MHRA approves Alnylam's Amvuttra for rare heart disease ATTR-CM treatment

Alnylam Pharmaceuticals' innovative medication, Amvuttra (vutrisiran), has gained approval from the UK's Medicines and Healthcare products Regulatory Agency (MHRA) for the treatment of adults suffering from transthyretin amyloid cardiomyopathy (ATTR-CM). This rare condition affects the heart muscle and can lead to fatal outcomes. Amvuttra's new authorization covers both wild-type and hereditary forms of ATTR-CM, conditions caused by the buildup of misfolded transthyretin (TTR) protein. This accumulation can result in irreversible damage to the cardiovascular system and numerous severe health issues.
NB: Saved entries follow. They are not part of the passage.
(* For every $p>1$, the function $t\mapsto\dot H_e(t/p)/\dot H_e(t)$ is increasing on $(0,\ln2)$.
   Context: $\dot H_e(t)=te^{-t}-(1-e^{-t})\ln(1-e^{-t})$ for $t>0$. *)

theory Defs
  imports "HOL-Analysis.Analysis"
begin

text \<open>The derivative of the entropy-type function H_e, given explicitly for t > 0.\<close>
definition Hedot :: "real \<Rightarrow> real" where
  "Hedot t = t * exp (- t) - (1 - exp (- t)) * ln (1 - exp (- t))"

end

theory Submission
  imports Defs
begin

text \<open>
  For a positive differentiable f, the log-derivative of f(t/p)/f(t) is
  (g(t/p) - g(t))/t with g(t) = t f'(t)/f(t) the elasticity of f; so the ratio
  increases as soon as g decreases. For f = Hedot the substitution x = e^t - 1 turns
  the elasticity into 1/k(x) with k(x) = (1+x)/(-ln x) + x/ln(1+x), and on (0,1),
  i.e. for t < ln 2, both summands of k increase: the first because -ln x decreases,
  the second by concavity of ln(1+x).
\<close>

lemma strict_mono_on_dilation_ratio:
  fixes f f' :: "real \<Rightarrow> real" and c p :: real
  assumes deriv: "\<And>t. 0 < t \<Longrightarrow> t < c \<Longrightarrow> (f has_real_derivative f' t) (at t)"
    and pos: "\<And>t. 0 < t \<Longrightarrow> t < c \<Longrightarrow> 0 < f t"
    and elasticity_anti: "strict_antimono_on {0<..<c} (\<lambda>t. t * f' t / f t)"
    and "1 < p"
  shows "strict_mono_on {0<..<c} (\<lambda>t. f (t / p) / f t)"
proof (rule strict_mono_onI)
  fix s t :: real
  assume s: "s \<in> {0<..<c}" and t: "t \<in> {0<..<c}" and "s < t"
  show "f (s / p) / f s < f (t / p) / f t"
  proof (rule DERIV_pos_imp_increasing[OF \<open>s < t\<close>])
    fix r assume "s \<le> r" "r \<le> t"
    with s t have r: "0 < r" "r < c" by auto
    define q where "q = r / p"
    have q: "0 < q" "q < r" using r \<open>1 < p\<close> by (auto simp: q_def divide_simps)
    have "((\<lambda>r. r / p) has_real_derivative 1 / p) (at r)"
      using \<open>1 < p\<close> by (auto intro!: derivative_eq_intros)
    moreover have "(f has_real_derivative f' q) (at (r / p))"
      using deriv q r by (simp add: q_def)
    ultimately have fq: "((\<lambda>r. f (r / p)) has_real_derivative f' q / p) (at r)"
      using DERIV_chain2 by fastforce
    have f: "0 < f q" "0 < f r" using pos q r by auto
    have "r * f' r / f r < q * f' q / f q"
      using monotone_onD[OF elasticity_anti] q r by auto
    then have "0 < (q * f' q / f q - r * f' r / f r) * (f q * f r / r)"
      using f r by (intro mult_pos_pos) auto
    also have "\<dots> = f' q / p * f r - f q * f' r"
      using f r \<open>1 < p\<close> by (simp add: q_def field_simps)
    finally have "0 < (f' q / p * f r - f q * f' r) / (f r * f r)"
      using f by simp
    moreover have "((\<lambda>r. f (r / p) / f r) has_real_derivative
        (f' q / p * f r - f q * f' r) / (f r * f r)) (at r)"
      using DERIV_divide[OF fq deriv[OF r]] f by (simp add: q_def)
    ultimately show "\<exists>y. ((\<lambda>r. f (r / p) / f r) has_real_derivative y) (at r) \<and> 0 < y"
      by blast
  qed
qed

lemma mult_ln_one_plus_le:
  fixes x y :: real
  assumes "0 < x" "x < y"
  shows "x * ln (1 + y) \<le> y * ln (1 + x)"
proof -
  define u where "u = x / y"
  have u: "0 \<le> u" "u \<le> 1" using assms by (auto simp: u_def)
  have "(1 - u) *\<^sub>R 1 + u *\<^sub>R (1 + y) = 1 + x"
    using assms by (simp add: u_def field_simps)
  moreover have "u * ln (1 + y) \<le> ln ((1 - u) *\<^sub>R 1 + u *\<^sub>R (1 + y))"
    using concave_onD[OF ln_concave u, of 1 "1 + y"] assms by simp
  ultimately have "u * ln (1 + y) \<le> ln (1 + x)" by (simp only:)
  then have "y * (u * ln (1 + y)) \<le> y * ln (1 + x)"
    using assms by (intro mult_left_mono) auto
  then show ?thesis using assms by (simp add: u_def)
qed

lemma strict_mono_on_ln_ratio_sum:
  "strict_mono_on {0<..<1} (\<lambda>x::real. (1 + x) / (- ln x) + x / ln (1 + x))"
proof (rule strict_mono_onI)
  fix x y :: real
  assume "x \<in> {0<..<1}" "y \<in> {0<..<1}" "x < y"
  then have xy: "0 < x" "x < y" "y < 1" by auto
  have "(1 + x) / (- ln x) < (1 + x) / (- ln y)"
    using xy by (intro divide_strict_left_mono) (auto intro: mult_neg_neg)
  also have "\<dots> \<le> (1 + y) / (- ln y)"
    using xy by (intro divide_right_mono) auto
  finally have "(1 + x) / (- ln x) < (1 + y) / (- ln y)" .
  moreover have "x / ln (1 + x) \<le> y / ln (1 + y)"
    using mult_ln_one_plus_le[OF xy(1,2)] xy by (simp add: divide_simps)
  ultimately show "(1 + x) / (- ln x) + x / ln (1 + x) < (1 + y) / (- ln y) + y / ln (1 + y)"
    by linarith
qed

definition Hddot :: "real \<Rightarrow> real" where
  "Hddot t = - exp (- t) * (t + ln (1 - exp (- t)))"

lemma Hedot_has_real_derivative:
  fixes t :: real
  assumes "0 < t"
  shows "(Hedot has_real_derivative Hddot t) (at t)"
proof -
  have e: "exp (- t) < 1" using assms by simp
  have "(Hedot has_real_derivative
     exp (- t) - t * exp (- t) - (exp (- t) * ln (1 - exp (- t))
       + (1 - exp (- t)) * (exp (- t) / (1 - exp (- t))))) (at t)"
    unfolding Hedot_def[abs_def] using e by (auto intro!: derivative_eq_intros)
  moreover have "exp (- t) - t * exp (- t) - (exp (- t) * ln (1 - exp (- t))
       + (1 - exp (- t)) * (exp (- t) / (1 - exp (- t)))) = Hddot t"
    using e by (simp add: Hddot_def field_simps)
  ultimately show ?thesis by simp
qed

lemma Hedot_pos:
  fixes t :: real
  assumes "0 < t"
  shows "0 < Hedot t"
proof -
  have "0 < 1 - exp (- t)" "1 - exp (- t) < 1" using assms by auto
  then have "(1 - exp (- t)) * ln (1 - exp (- t)) < 0"
    by (intro mult_pos_neg) auto
  moreover have "0 < t * exp (- t)" using assms by simp
  ultimately show ?thesis by (simp add: Hedot_def)
qed

lemma
  fixes x :: real
  assumes "0 < x"
  shows Hedot_ln_one_plus: "Hedot (ln (1 + x)) = ((1 + x) * ln (1 + x) - x * ln x) / (1 + x)"
    and Hddot_ln_one_plus: "Hddot (ln (1 + x)) = - ln x / (1 + x)"
proof -
  have e: "exp (- ln (1 + x)) = 1 / (1 + x)"
    using assms by (simp add: exp_minus inverse_eq_divide)
  have u: "1 - 1 / (1 + x) = x / (1 + x)" using assms by (simp add: field_simps)
  have lu: "ln (x / (1 + x)) = ln x - ln (1 + x)" using assms by (simp add: ln_div)
  have "Hedot (ln (1 + x)) = ln (1 + x) * (1 / (1 + x)) - x / (1 + x) * (ln x - ln (1 + x))"
    unfolding Hedot_def e u lu ..
  also have "\<dots> = (ln (1 + x) - x * (ln x - ln (1 + x))) / (1 + x)"
    by (simp add: diff_divide_distrib)
  also have "ln (1 + x) - x * (ln x - ln (1 + x)) = (1 + x) * ln (1 + x) - x * ln x"
    by (simp add: algebra_simps)
  finally show "Hedot (ln (1 + x)) = ((1 + x) * ln (1 + x) - x * ln x) / (1 + x)" .
  show "Hddot (ln (1 + x)) = - ln x / (1 + x)"
    unfolding Hddot_def e u lu by simp
qed

lemma Hedot_elasticity_ln_one_plus:
  fixes x :: real
  assumes "0 < x" "x < 1"
  shows "ln (1 + x) * Hddot (ln (1 + x)) / Hedot (ln (1 + x))
    = 1 / ((1 + x) / (- ln x) + x / ln (1 + x))"
proof -
  have "a * (b / (1 + x)) / (((1 + x) * a + x * b) / (1 + x)) = 1 / ((1 + x) / b + x / a)"
    if "0 < a" "0 < b" for a b :: real
  proof -
    have "0 < (1 + x) * a + x * b" using that assms by (intro add_pos_pos mult_pos_pos) auto
    have "a * (b / (1 + x)) / (((1 + x) * a + x * b) / (1 + x)) = a * b / ((1 + x) * a + x * b)"
      using assms by (simp add: divide_simps)
    also have "\<dots> = 1 / ((1 + x) / b + x / a)"
      using that \<open>0 < (1 + x) * a + x * b\<close> by (simp add: field_simps)
    finally show ?thesis .
  qed
  from this[of "ln (1 + x)" "- ln x"] show ?thesis
    using assms by (simp add: Hedot_ln_one_plus Hddot_ln_one_plus)
qed

lemma strict_antimono_on_Hedot_elasticity:
  "strict_antimono_on {0<..<ln 2} (\<lambda>t. t * Hddot t / Hedot t)"
proof (rule monotone_onI)
  fix s t :: real
  assume "s \<in> {0<..<ln 2}" "t \<in> {0<..<ln 2}" "s < t"
  define x y where "x = exp s - 1" and "y = exp t - 1"
  have st: "s = ln (1 + x)" "t = ln (1 + y)" by (simp_all add: x_def y_def)
  have "exp t < exp (ln 2)" using \<open>t \<in> _\<close> by (intro exp_less_mono) auto
  then have xy: "0 < x" "x < y" "y < 1"
    using \<open>s \<in> _\<close> \<open>s < t\<close> by (auto simp: x_def y_def)
  define k where "k z = (1 + z) / (- ln z) + z / ln (1 + z)" for z :: real
  have "0 < (1 + x) / (- ln x)" "0 < x / ln (1 + x)" using xy by (auto simp: divide_less_0_iff)
  then have "0 < k x" by (simp add: k_def)
  moreover have "k x < k y"
    using monotone_onD[OF strict_mono_on_ln_ratio_sum] xy by (auto simp: k_def)
  ultimately have "1 / k y < 1 / k x" by (simp add: frac_less2)
  then show "t * Hddot t / Hedot t < s * Hddot s / Hedot s"
    using Hedot_elasticity_ln_one_plus[of x] Hedot_elasticity_ln_one_plus[of y] xy
    by (simp add: st k_def)
qed

theorem mainTheorem18:
  fixes p :: real
  assumes "p > 1"
  shows "strict_mono_on {0<..<ln 2} (\<lambda>t. Hedot (t / p) / Hedot t)"
  using strict_mono_on_dilation_ratio[OF Hedot_has_real_derivative Hedot_pos
      strict_antimono_on_Hedot_elasticity assms]
  by blast

end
ATTR-CM can manifest in two main types. Wild-type ATTR-CM is usually linked with aging and is most frequently diagnosed in individuals over the age of 50. Hereditary ATTR-CM, on the other hand, is a genetic condition more commonly found in people of African descent. The MHRA's decision to approve Amvuttra was based on encouraging results from the HELIOS-B study, a late-stage clinical trial. In this study, Amvuttra demonstrated a notable ability to reduce mortality and cardiovascular events among patients suffering from ATTR-CM.

Beyond these benefits, Amvuttra has been shown to maintain the functional status and quality of life in patients. These positive effects were consistent across various patient subgroups, even in those who were also taking a TTR stabilizing medication. Marianna Fontana, an investigator involved in the HELIOS-B study, expressed optimism about the drug's potential to improve patient outcomes. She highlighted the significance of translating successful clinical trial results into practical treatment options that can benefit individuals affected by this swiftly progressing disease.

Administered as a subcutaneous injection every three months, Amvuttra can be given by healthcare professionals or self-administered by patients. The drug operates by leveraging the body's natural mechanisms to target and reduce TTR at its source, thereby slowing the accumulation of amyloid deposits. Prior to this new approval, Amvuttra was already authorized by the MHRA for treating hereditary TTR-mediated ATTR amyloidosis in adults with stage 1 or stage 2 polyneuropathy.

Phil Davey, Alnylam Pharmaceuticals’ country manager for the UK and Ireland, described the approval as a major advancement for individuals living with ATTR-CM and a source of great pride for the company. Since 2023, Amvuttra has been made available in the UK for patients with ATTR amyloidosis who exhibit polyneuropathy symptoms. This latest approval broadens the treatment scope, allowing the company to address the needs of a wider patient population affected by this condition.

Davey emphasized the company's commitment to ensuring that patients across the UK's National Health Service (NHS) can access this treatment without unnecessary delays. This collaborative effort aims to deliver timely healthcare solutions to those in need, reflecting Alnylam's focus on making significant strides in treating complex diseases like ATTR-CM.